Het omvat de aardkorst en het bovenste en koudere deel van de mantel, onderscheiden als een lithospherische mantel. Volgens de uitgevoerde studies is de lithosfeer niet een doorlopend omhulsel, maar is deze verdeeld in platen die langzaam op het aardoppervlak bewegen, enkele centimeters per jaar.
Naast de lithosfeer is er een laag genaamd de asthenosfeer, die wordt gevormd door gedeeltelijk gesmolten gesteenten die magma worden genoemd..
De asthenosfeer beweegt ook. De grens tussen de lithosfeer en de asthenosfeer ligt op het punt waar de temperatuur 1.280 ° C bereikt.
Lagere mantel
Het wordt ook mesosfeer genoemd. Het ligt tussen 660 kilometer en 2.900 kilometer onder het aardoppervlak. De staat is vast en bereikt een temperatuur van 3000 ° C.
De viscositeit van de bovenmantel is duidelijk verschillend van de onderste. De bovenste mantel gedraagt zich als een vaste stof en beweegt heel langzaam. Van daaruit wordt de langzame beweging van tektonische platen uitgelegd.
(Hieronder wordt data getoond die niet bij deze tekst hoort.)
text \<open>Every row other than the active one copies a single entry: inactive agents keep their
  \<open>x\<close>- and newest \<open>v\<close>-entries, while the rest of the delay line, and the active agent's
  newest \<open>v\<close>-entry, are taken from the block above.\<close>

lemma Waug_passive_row:
  assumes "r \<noteq> ik" "ik < I" "r < (D + 2) * I"
  shows "Waug I D E W ik d r = unit_vec (if r < 2 * I \<and> r \<noteq> ik + I then r else r - I)"
proof
  fix m
  have row: "Waug I D E W ik d r m = (if r = m \<and> r < 2 * I \<and> r \<noteq> ik + I then 1
      else if (2 * I \<le> r \<or> r = ik + I) \<and> m + I = r then 1 else 0)"
    unfolding Waug_def using assms by auto
  show "Waug I D E W ik d r m = unit_vec (if r < 2 * I \<and> r \<noteq> ik + I then r else r - I) m"
  proof (cases "r < 2 * I \<and> r \<noteq> ik + I")
    case True
    then show ?thesis
      unfolding row unit_vec_def by auto
  next
    case False
    then have "I \<le> r"
      using assms by auto
    then show ?thesis
      unfolding row unit_vec_def using False by auto
  qed
qed

lemma mvmult_Waug_passive_row:
  assumes "r \<noteq> ik" "ik < I" "r < (D + 2) * I"
  shows "mvmult ((D + 2) * I) (Waug I D E W ik d) y r
    = y (if r < 2 * I \<and> r \<noteq> ik + I then r else r - I)"
  using assms
  by (simp add: mvmult_def Waug_passive_row mult.commute[of "unit_vec _ _"] sum_unit_vec
      less_imp_diff_less)

text \<open>\<open>j + (d j + 1) * I\<close> is the position of the value of agent \<open>j\<close> delayed by
  \<open>d j\<close> steps in the stacked state.\<close>

lemma delayed_index_mod: "(j::nat) < I \<Longrightarrow> (j + (d j + 1) * I) mod I = j"
  using mod_mult_self1[of j "d j + 1" I] by simp

lemma delayed_index_div: "(j::nat) < I \<Longrightarrow> (j + (d j + 1) * I) div I = d j + 1"
  using div_mult_self1[of I j "d j + 1"] by simp

lemma inj_on_delayed_index: "inj_on (\<lambda>j::nat. j + (d j + 1) * I) {..<I}"
  by (rule inj_onI) (metis delayed_index_mod lessThan_iff)

lemma Waug_active_entry:
  assumes "in_nbrs E ik \<subseteq> {..<I}" "ik < I" "j \<in> in_nbrs E ik"
  shows "Waug I D E W ik d ik (j + (d j + 1) * I) = W ik j"
proof -
  have "(THE j'. j' \<in> in_nbrs E ik \<and> j + (d j + 1) * I = j' + (d j' + 1) * I) = j"
  proof (rule the_equality)
    fix j'
    assume "j' \<in> in_nbrs E ik \<and> j + (d j + 1) * I = j' + (d j' + 1) * I"
    then show "j' = j"
      using inj_onD[OF inj_on_delayed_index[where d=d and I=I], of j' j] assms(1,3) by auto
  qed (use assms(3) in simp)
  moreover have "j + (d j + 1) * I \<noteq> ik"
    using assms(2) by auto
  ultimately show ?thesis
    unfolding Waug_def using assms(3) by auto
qed

lemma Waug_active_zero:
  assumes "m \<noteq> ik" "m \<notin> (\<lambda>j. j + (d j + 1) * I) ` in_nbrs E ik" "ik < I"
  shows "Waug I D E W ik d ik m = 0"
  unfolding Waug_def using assms by auto

lemma mvmult_Waug_active_row:
  assumes nbrs: "in_nbrs E ik \<subseteq> {..<I}" and "ik < I" and "\<And>j. d j \<le> D"
  shows "mvmult ((D + 2) * I) (Waug I D E W ik d) y ik
    = W ik ik * y ik + (\<Sum>j\<in>in_nbrs E ik. W ik j * y (j + (d j + 1) * I))"
proof -
  let ?pos = "\<lambda>j. j + (d j + 1) * I"
  let ?g = "\<lambda>m. Waug I D E W ik d ik m * y m"
  have fin: "finite (in_nbrs E ik)"
    using nbrs finite_subset by blast
  have pos_bound: "?pos j < (D + 2) * I" if "j < I" for j
  proof -
    have "?pos j < I + (d j + 1) * I"
      using that by simp
    also have "\<dots> \<le> (D + 2) * I"
      using \<open>\<And>j. d j \<le> D\<close>[of j] by (simp add: algebra_simps)
    finally show ?thesis .
  qed
  have ik_notin: "ik \<notin> ?pos ` in_nbrs E ik"
    using \<open>ik < I\<close> by auto
  have "(\<Sum>m<(D + 2) * I. ?g m) = (\<Sum>m\<in>insert ik (?pos ` in_nbrs E ik). ?g m)"
    using nbrs pos_bound \<open>ik < I\<close> Waug_active_zero[OF _ _ \<open>ik < I\<close>]
    by (intro sum.mono_neutral_right) auto
  also have "\<dots> = ?g ik + (\<Sum>j\<in>in_nbrs E ik. ?g (?pos j))"
    using fin ik_notin inj_on_subset[OF inj_on_delayed_index nbrs]
    by (simp add: sum.reindex)
  also have "\<dots> = W ik ik * y ik + (\<Sum>j\<in>in_nbrs E ik. W ik j * y (?pos j))"
    using Waug_active_entry[OF nbrs \<open>ik < I\<close>] by (simp add: Waug_def)
  finally show ?thesis
    by (simp add: mvmult_def)
qed

lemma row_sums_one_Waug:
  assumes E: "E \<subseteq> {..<I} \<times> {..<I}" "\<forall>i. (i, i) \<notin> E"
    and W: "row_stochastic I W" "\<forall>i<I. \<forall>j<I. W i j \<noteq> 0 \<longrightarrow> i = j \<or> (j, i) \<in> E"
    and "ik < I" "\<And>j. d j \<le> D"
  shows "row_sums_one ((D + 2) * I) (Waug I D E W ik d)"
  unfolding row_sums_one_def
proof (intro allI impI)
  fix r
  assume r: "r < (D + 2) * I"
  have nbrs: "in_nbrs E ik \<subseteq> {..<I} - {ik}"
    using E by (auto simp: in_nbrs_def)
  show "mvmult ((D + 2) * I) (Waug I D E W ik d) (\<lambda>_. 1) r = 1"
  proof (cases "r = ik")
    case True
    have "(\<Sum>j\<in>in_nbrs E ik. W ik j) = (\<Sum>j\<in>{..<I} - {ik}. W ik j)"
      using nbrs W(2) \<open>ik < I\<close> by (intro sum.mono_neutral_left) (auto simp: in_nbrs_def)
    also have "W ik ik + \<dots> = (\<Sum>j<I. W ik j)"
      using \<open>ik < I\<close> by (simp add: sum.remove[of "{..<I}" ik])
    also have "\<dots> = 1"
      using W(1) \<open>ik < I\<close> unfolding row_stochastic_def by auto
    moreover have "in_nbrs E ik \<subseteq> {..<I}"
      using nbrs by blast
    ultimately show ?thesis
      using True mvmult_Waug_active_row[where y="\<lambda>_. 1"] \<open>ik < I\<close> \<open>\<And>j. d j \<le> D\<close> by simp
  next
    case False
    then show ?thesis
      using mvmult_Waug_passive_row[where y="\<lambda>_. 1", OF False \<open>ik < I\<close> r] by simp
  qed
qed

lemma stack_newest:
  assumes "I \<le> r" "r < 2 * I"
  shows "stack I x v k r = v (int k) (r - I)"
proof -
  have "r div I = 1" "r mod I = r - I"
    using assms le_div_geq[of I r] le_mod_geq[of I r] by auto
  then show ?thesis
    using assms by (simp add: stack_def)
qed

lemma stack_delayed: "j < I \<Longrightarrow> stack I x v k (j + (e + 1) * I) = v (int k - int e) j"
  using delayed_index_div[where d="\<lambda>_. e"] delayed_index_mod[where d="\<lambda>_. e"]
  by (simp add: stack_def)

lemma stack_Suc_shift:
  assumes "0 < I" "2 * I \<le> r"
  shows "stack I x v (Suc k) r = stack I x v k (r - I)"
proof -
  define q where "q = (r - I) div I"
  have "q \<ge> 1"
    using assms by (simp add: q_def div_greater_zero_iff Suc_le_eq)
  then have "int (Suc k) - int (q + 1 - 1) = int k - int (q - 1)"
    by simp
  moreover have "r div I = q + 1" "r mod I = (r - I) mod I" "\<not> r - I < I"
    using assms le_div_geq[of I r] le_mod_geq[of I r] by (auto simp: q_def)
  ultimately show ?thesis
    using assms by (simp only: stack_def q_def) simp
qed
lemma uf_closed_chain_Inter_nonempty:
  assumes ne: "\<CC> \<noteq> {}" and closed: "\<And>C. C \<in> \<CC> \<Longrightarrow> uf_closed C"
    and nonempty: "\<And>C. C \<in> \<CC> \<Longrightarrow> C \<noteq> {}"
    and chain: "\<And>C D. C \<in> \<CC> \<Longrightarrow> D \<in> \<CC> \<Longrightarrow> C \<subseteq> D \<or> D \<subseteq> C"
  shows "\<Inter>\<CC> \<noteq> {}"
proof -
  have uf: "ultrafilter_on c" if "C \<in> \<CC>" "c \<in> C" for C c
    using uf_closed_ultrafilter[OF closed[OF that(1)] that(2)] .
  have UNIV_mem: "UNIV \<in> \<Inter>C" if "C \<in> \<CC>" for C
    using uf[OF that] ultrafilter_UNIV by blast
  have empty_not_mem: "{} \<notin> \<Inter>C" if C: "C \<in> \<CC>" for C
  proof -
    obtain c where "c \<in> C" using nonempty[OF C] by blast
    then show ?thesis using uf[OF C] ultrafilter_empty by blast
  qed
  have Int_mem: "A \<inter> B \<in> \<Inter>C" if CAB: "C \<in> \<CC>" "A \<in> \<Inter>C" "B \<in> \<Inter>C" for C A B
  proof
    fix c assume "c \<in> C"
    then show "A \<inter> B \<in> c" using CAB uf[OF CAB(1)] ultrafilter_Int by blast
  qed
  obtain p where p: "ultrafilter_on p" "(\<Union>C\<in>\<CC>. \<Inter>C) \<subseteq> p"
  proof (rule exE[OF ultrafilter_extend])
    obtain C where "C \<in> \<CC>" using ne by blast
    then show "(\<Union>C\<in>\<CC>. \<Inter>C) \<noteq> {}" using UNIV_mem by blast
    show "{} \<notin> (\<Union>C\<in>\<CC>. \<Inter>C)" using empty_not_mem by blast
  next
    fix A B assume "A \<in> (\<Union>C\<in>\<CC>. \<Inter>C)" "B \<in> (\<Union>C\<in>\<CC>. \<Inter>C)"
    then obtain C D where CD: "C \<in> \<CC>" "D \<in> \<CC>" "A \<in> \<Inter>C" "B \<in> \<Inter>D" by blast
    from chain[OF CD(1,2)] have "A \<inter> B \<in> \<Inter>C \<or> A \<inter> B \<in> \<Inter>D"
    proof
      assume "C \<subseteq> D"
      then have "B \<in> \<Inter>C" using CD(4) by blast
      then show ?thesis using Int_mem[OF CD(1,3)] by blast
    next
      assume "D \<subseteq> C"
      then have "A \<in> \<Inter>D" using CD(3) by blast
      then show ?thesis using Int_mem[OF CD(2) _ CD(4)] by blast
    qed
    then show "\<exists>E\<in>(\<Union>C\<in>\<CC>. \<Inter>C). E \<subseteq> A \<inter> B" using CD(1,2) by blast
  qed blast
  have "p \<in> C" if C: "C \<in> \<CC>" for C
  proof (rule uf_closed_Inter_subset)
    show "uf_closed C" using closed[OF C] .
    show "\<Inter>C \<subseteq> p" using p(2) C by blast
  qed (rule p(1))
  then show ?thesis by blast
qed
theorem lemma12:
  assumes "lozenge R"
    and "A \<in> \<Inter> R"
  shows "card {R1. lozenge R1 \<and> \<Union> R \<inter> \<Union> R1 = {A}
                 \<and> (\<exists>H. flat_hexagon H \<and> R \<union> R1 \<subseteq> H)} = 2"
proof -
  obtain T where "T \<in> R" "T \<in> faces"
    using assms(1) unfolding lozenge_def by blast
  then obtain g where A: "A = vert g"
    using assms(2) unfolding faces_def by blast
  obtain l where l: "l \<in> set link_lozenges" and R: "R = lozenge_faces g l"
    using lozenge_at_vert_iff[of R g] assms A by blast
  have "{R1. hexagon_partner R A R1} = lozenge_faces g ` set (partners l)"
    unfolding R A using partners_imp_hexagon_partner[OF l] hexagon_partner_imp_partners[OF l] by blast
  then show ?thesis
    using card_lozenge_faces_partners[OF l] unfolding hexagon_partner_def by simp
qed

end
lemma hankel1_0_sq_le_large: "\<exists>B\<ge>0. \<forall>t\<ge>1. (cmod (hankel1_0 t))^2 \<le> B / t"
proof -
  obtain B1 where B1: "\<forall>t\<ge>1. t * (bessel_J0 t)^2 \<le> B1" using bessel_J0_decay by blast
  obtain B2 where B2: "\<forall>t\<ge>1. t * (bessel_Y0 t)^2 \<le> B2" using bessel_Y0_decay by blast
  have "(cmod (hankel1_0 t))^2 \<le> (B1 + B2) / t" if t: "t \<ge> 1" for t
    using B1[rule_format, OF t] B2[rule_format, OF t] t
    by (simp add: hankel1_0_def cmod_def field_simps)
  moreover have "0 \<le> B1 + B2"
    using B1[rule_format, of 1] B2[rule_format, of 1] zero_le_power2[of "bessel_J0 1"] zero_le_power2[of "bessel_Y0 1"]
    by linarith
  ultimately show ?thesis by blast
qed

lemma bessel_J0_abs_le: "\<bar>t :: real\<bar> \<le> 1 \<Longrightarrow> \<bar>bessel_J0 t\<bar> \<le> 4/3"
proof -
  assume t: "\<bar>t\<bar> \<le> 1"
  have "norm ((-1) ^ m * (t / 2) ^ (2 * m) / (fact m) ^ 2) \<le> (1/4)^m" for m
  proof -
    have "norm ((-1) ^ m * (t / 2) ^ (2 * m) / (fact m) ^ 2) = (t^2/4)^m / (fact m)^2"
      by (simp add: abs_mult power_mult power_divide)
    also have "\<dots> \<le> (t^2/4)^m"
      using divide_left_mono[of 1 "(fact m)^2" "(t^2/4)^m"] by (simp add: one_le_power)
    also have "\<dots> \<le> (1/4)^m" using t by (intro power_mono) (auto simp: abs_square_le_1)
    finally show ?thesis .
  qed
  then have "norm (bessel_J0 t) \<le> (\<Sum>m. (1/4::real)^m)"
    unfolding bessel_J0_def by (intro norm_suminf_le) (auto simp: summable_geometric)
  then show ?thesis by (simp add: suminf_geometric)
qed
De zone van overgang tussen de mantel en de terrestrische kern staat bekend als discontinuïteit van Gutenberg, neemt de naam aan van zijn ontdekker, Beno Gutenberg, Duitse seismoloog die het ontdekte in 1.914. De discontinuïteit van Gutenberg ligt ongeveer 2.900 kilometer diep (National Geographic, 2015).
Het wordt gekenmerkt doordat secundaire seismische golven het niet kunnen oversteken en omdat primaire seismische golven de snelheid aanzienlijk verlagen, van 13 naar 8 km / s. Daaronder ontstaat het magnetisch veld van de aarde.
3 - kern
Het is het diepste deel van de aarde, heeft een straal van 3500 kilometer en vertegenwoordigt 60% van zijn totale massa. De druk binnenin is veel groter dan de druk op het oppervlak en de temperatuur is erg hoog, deze kan hoger zijn dan 6.700 ° C.
De kern moet niet onverschillig voor ons zijn, omdat het het leven op de planeet beïnvloedt, omdat het verantwoordelijk wordt geacht voor de meerderheid van de elektromagnetische verschijnselen die de aarde karakteriseren (Bolívar, Vesga, Jaimes, & Suarez, 2011).
Het is samengesteld uit metalen, voornamelijk ijzer en nikkel. De materialen die de kern vormen worden gesmolten door de hoge temperaturen. De kern is verdeeld in twee zones: buitenste kern en binnenste kern.
Externe kern
Het heeft een temperatuur tussen 4.000 ° C en 6.000 ° C. Het gaat van een diepte van 2.550 kilometer naar 4.750 kilometer. Het is een gebied waar ijzer zich in een vloeibare toestand bevindt.
Dit materiaal is een goede geleider van elektriciteit en circuleert met hoge snelheid aan de buitenkant. Hierdoor worden de elektrische stromen geproduceerd die het magnetisch veld van de aarde voortbrengen.
Interne kern
Het is het centrum van de aarde, ongeveer 1.250 kilometer dik en het is de op een na kleinste laag.
Het is een stevige metalen bol gemaakt van ijzer en nikkel, het is in vaste toestand, hoewel de temperatuur varieert van 5.000 ° C tot 6.000 ° C.
Op het oppervlak van de aarde smelt ijzer bij 1500 ° C; echter, in de binnenste kern zijn de drukken zo hoog dat het in de vaste toestand blijft. Hoewel het een van de kleinere lagen is, is de binnenste kern de heetste laag.
referenties
- Bolivar, L.C., Vesga, J., Jaimes, K., & Suarez, C. (maart, 2011). Geologie -UP. Verkregen uit interne structuur van de aarde: geologia-up.blogspot.com.co
- Educatief, P. (2017). Educatieve portal. Verkregen uit de interne structuur van de aarde: portaleducativo.net
- National Geographic. (7 juli 2015). Teruggeplaatst van Caryl-Sue: nationalgeographic.org
- Pino, F. (2017). onderzoeken. Verkregen van de interne structuur van de aarde: vix.com.